Content starts

lemma lambda_factor_Un:
  assumes G: "simple_graph V E"
    and factors: "lambda_factor W1 E F1" "lambda_factor W2 E F2"
    and "F1 \<subseteq> Pow W1" "F2 \<subseteq> Pow W2" "W1 \<inter> W2 = {}"
  shows "lambda_factor (W1 \<union> W2) E (F1 \<union> F2)"
proof -
  have "F1 \<subseteq> E" "F2 \<subseteq> E" using factors by (simp_all add: lambda_factor_def)
  have "lambda_factor W1 E (F1 \<union> F2)"
    by (rule lambda_factor_add_edges[OF G factors(1) assms(4) \<open>F2 \<subseteq> E\<close> assms(5,6)])
  moreover have "lambda_factor W2 E (F2 \<union> F1)"
    using assms(6) by (intro lambda_factor_add_edges[OF G factors(2) assms(5) \<open>F1 \<subseteq> E\<close> assms(4)]) blast
  ultimately show ?thesis unfolding lambda_factor_def by (auto simp: Un_commute)
qed

lemma lambda_factor_path3:
  assumes "x \<noteq> y" "y \<noteq> z" "x \<noteq> z" "{x, y} \<in> E" "{y, z} \<in> E"
  shows "lambda_factor {x, y, z} E {{x, y}, {y, z}}"
proof (rule lambda_factorI)
  show "{{x, y}, {y, z}} \<subseteq> E" using assms by simp
  have path: "is_path3 {{x, y}, {y, z}} {x, y, z}"
    unfolding is_path3_def using assms by (intro exI[of _ x] exI[of _ y] exI[of _ z]) auto
  have closed: "edge_closed {{x, y}, {y, z}} {x, y, z}"
    by (simp add: edge_closed_def)
  show "\<exists>S. v \<in> S \<and> is_path3 {{x, y}, {y, z}} S \<and> edge_closed {{x, y}, {y, z}} S"
    if "v \<in> {x, y, z}" for v
    using that path closed by (intro exI[of _ "{x, y, z}"] conjI)
qed

section \<open>\<Lambda>-factors of the graph AabB\<close>

locale graph_join =
  fixes VA VB :: "'a set" and EA EB :: "'a set set" and a1 a2 b1 b2 :: 'a
  assumes simple_A: "simple_graph VA EA" and simple_B: "simple_graph VB EB"
    and disjoint: "VA \<inter> VB = {}"
    and edge_a: "{a1, a2} \<in> EA" and edge_b: "{b1, b2} \<in> EB"
begin

abbreviation E :: "'a set set" where
  "E \<equiv> join_edges EA a1 a2 EB b1 b2"

lemma endpoints: "a1 \<noteq> a2" "a1 \<in> VA" "a2 \<in> VA" "b1 \<noteq> b2" "b1 \<in> VB" "b2 \<in> VB"
proof -
  obtain u w where "u \<noteq> w" "u \<in> VA" "w \<in> VA" "{a1, a2} = {u, w}"
    using simple_graph_edgeD[OF simple_A edge_a] by blast
  then show "a1 \<noteq> a2" "a1 \<in> VA" "a2 \<in> VA" by (auto simp: doubleton_eq_iff)
  obtain u w where "u \<noteq> w" "u \<in> VB" "w \<in> VB" "{b1, b2} = {u, w}"
    using simple_graph_edgeD[OF simple_B edge_b] by blast
  then show "b1 \<noteq> b2" "b1 \<in> VB" "b2 \<in> VB" by (auto simp: doubleton_eq_iff)
qed

lemma edge_subset_A: "e \<in> EA \<Longrightarrow> e \<subseteq> VA"
  using simple_graph_edgeD[OF simple_A] by blast

lemma edge_subset_B: "e \<in> EB \<Longrightarrow> e \<subseteq> VB"
  using simple_graph_edgeD[OF simple_B] by blast

lemma simple_graph_join: "simple_graph (VA \<union> VB) E"
  unfolding simple_graph_def
proof (intro conjI ballI)
  show "finite (VA \<union> VB)" using simple_A simple_B by (simp add: simple_graph_def)
  fix e assume "e \<in> E"
  then consider "e \<in> EA" | "e \<in> EB" | "e = {a1, b1}" | "e = {a2, b2}"
    unfolding join_edges_def by blast
  then show "\<exists>u w. u \<noteq> w \<and> u \<in> VA \<union> VB \<and> w \<in> VA \<union> VB \<and> e = {u, w}"
  proof cases
    case 1
    then show ?thesis using simple_graph_edgeD[OF simple_A] by blast
  next
    case 2
    then show ?thesis using simple_graph_edgeD[OF simple_B] by blast
  next
    case 3
    moreover have "a1 \<noteq> b1" using endpoints disjoint by blast
    ultimately show ?thesis using endpoints by blast
  next
    case 4
    moreover have "a2 \<noteq> b2" using endpoints disjoint by blast
    ultimately show ?thesis using endpoints by blast
  qed
qed

lemma join_edge_A: assumes "e \<in> E" "e \<subseteq> VA" shows "e \<in> EA"
proof -
  have "e \<noteq> {}" using simple_graph_edgeD[OF simple_graph_join assms(1)] by blast
  then have "e \<notin> EB" using assms(2) disjoint edge_subset_B by blast
  moreover have "e \<noteq> {a1, b1}" "e \<noteq> {a2, b2}" using assms(2) endpoints disjoint by blast+
  ultimately show ?thesis using assms(1) unfolding join_edges_def by blast
qed

lemma join_edge_B: assumes "e \<in> E" "e \<subseteq> VB" shows "e \<in> EB - {{b1, b2}}"
proof -
  have "e \<noteq> {}" using simple_graph_edgeD[OF simple_graph_join assms(1)] by blast
  then have "e \<notin> EA" using assms(2) disjoint edge_subset_A by blast
  moreover have "e \<noteq> {a1, b1}" "e \<noteq> {a2, b2}" using assms(2) endpoints disjoint by blast+
  ultimately show ?thesis using assms(1) unfolding join_edges_def by blast
qed

lemma join_edge_between:
  assumes "{u, w} \<in> E" "u \<in> VA" "w \<notin> VA"
  shows "u = a1 \<and> w = b1 \<or> u = a2 \<and> w = b2"
proof -
  have "{u, w} \<notin> EA" using assms(3) edge_subset_A by blast
  moreover have "{u, w} \<notin> EB" using assms(2) disjoint edge_subset_B by blast
  ultimately have "{u, w} = {a1, b1} \<or> {u, w} = {a2, b2}"
    using assms(1) unfolding join_edges_def by blast
  then show ?thesis using assms(2) endpoints disjoint by (auto simp: doubleton_eq_iff)
qed

end

locale graph_join_factor = graph_join +
  fixes F :: "'a set set"
  assumes factor: "lambda_factor (VA \<union> VB) E F"
begin

lemmas factor_component = lambda_factor_component[OF factor simple_graph_join]

lemma factor_subset_join: "F \<subseteq> E"
  using factor by (simp add: lambda_factor_def)

lemma component_subset_A:
  assumes "v \<in> VA" "a1 \<notin> component F v" "a2 \<notin> component F v"
  shows "component F v \<subseteq> VA"
proof (rule component_subset[OF assms(1)])
  fix u w assume u: "u \<in> VA" "u \<in> component F v" and "{u, w} \<in> F"
  show "w \<in> VA"
  proof (rule ccontr)
    assume "w \<notin> VA"
    then have "u = a1 \<or> u = a2"
      using join_edge_between \<open>{u, w} \<in> F\<close> factor_subset_join u(1) by blast
    then show False using u(2) assms(2,3) by blast
  qed
qed

lemma component_subset_B:
  assumes "{a1, b1} \<notin> F" "{a2, b2} \<notin> F" "v \<in> VB"
  shows "component F v \<subseteq> VB"
proof (rule component_subset[OF assms(3)])
  fix u w assume "u \<in> VB" and uw: "{u, w} \<in> F"
  show "w \<in> VB"
  proof (rule ccontr)
    assume "w \<notin> VB"
    have wu: "{w, u} \<in> E" using uw factor_subset_join by (auto simp: insert_commute)
    moreover have "w \<in> VA"
      using simple_graph_edgeD[OF simple_graph_join wu] \<open>w \<notin> VB\<close>
      by (auto simp: doubleton_eq_iff)
    moreover have "u \<notin> VA" using \<open>u \<in> VB\<close> disjoint by blast
    ultimately have "w = a1 \<and> u = b1 \<or> w = a2 \<and> u = b2" by (rule join_edge_between)
    then show False using uw assms(1,2) by (auto simp: insert_commute)
  qed
qed

lemma component_subset_rest:
  assumes "v \<in> VA - (component F a1 \<union> component F a2)"
  shows "component F v \<subseteq> VA - (component F a1 \<union> component F a2)"
proof -
  have "v \<in> component F v" by (rule in_component_self)
  then have "component F v \<noteq> component F a1" "component F v \<noteq> component F a2"
    using assms by auto
  then have apart: "component F v \<inter> component F a1 = {}" "component F v \<inter> component F a2 = {}"
    by (simp_all add: component_disjoint)
  then have "a1 \<notin> component F v" "a2 \<notin> component F v"
    using in_component_self[of a1 F] in_component_self[of a2 F] by blast+
  then have "component F v \<subseteq> VA" using assms by (intro component_subset_A) auto
  with apart show ?thesis by blast
qed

Content ends

AIM OF THE EXERCISE: Scan the data above and report each line in which "False" is present.

TASK OUTPUT:
    then show False using u(2) assms(2,3) by blast
    then show False using uw assms(1,2) by (auto simp: insert_commute)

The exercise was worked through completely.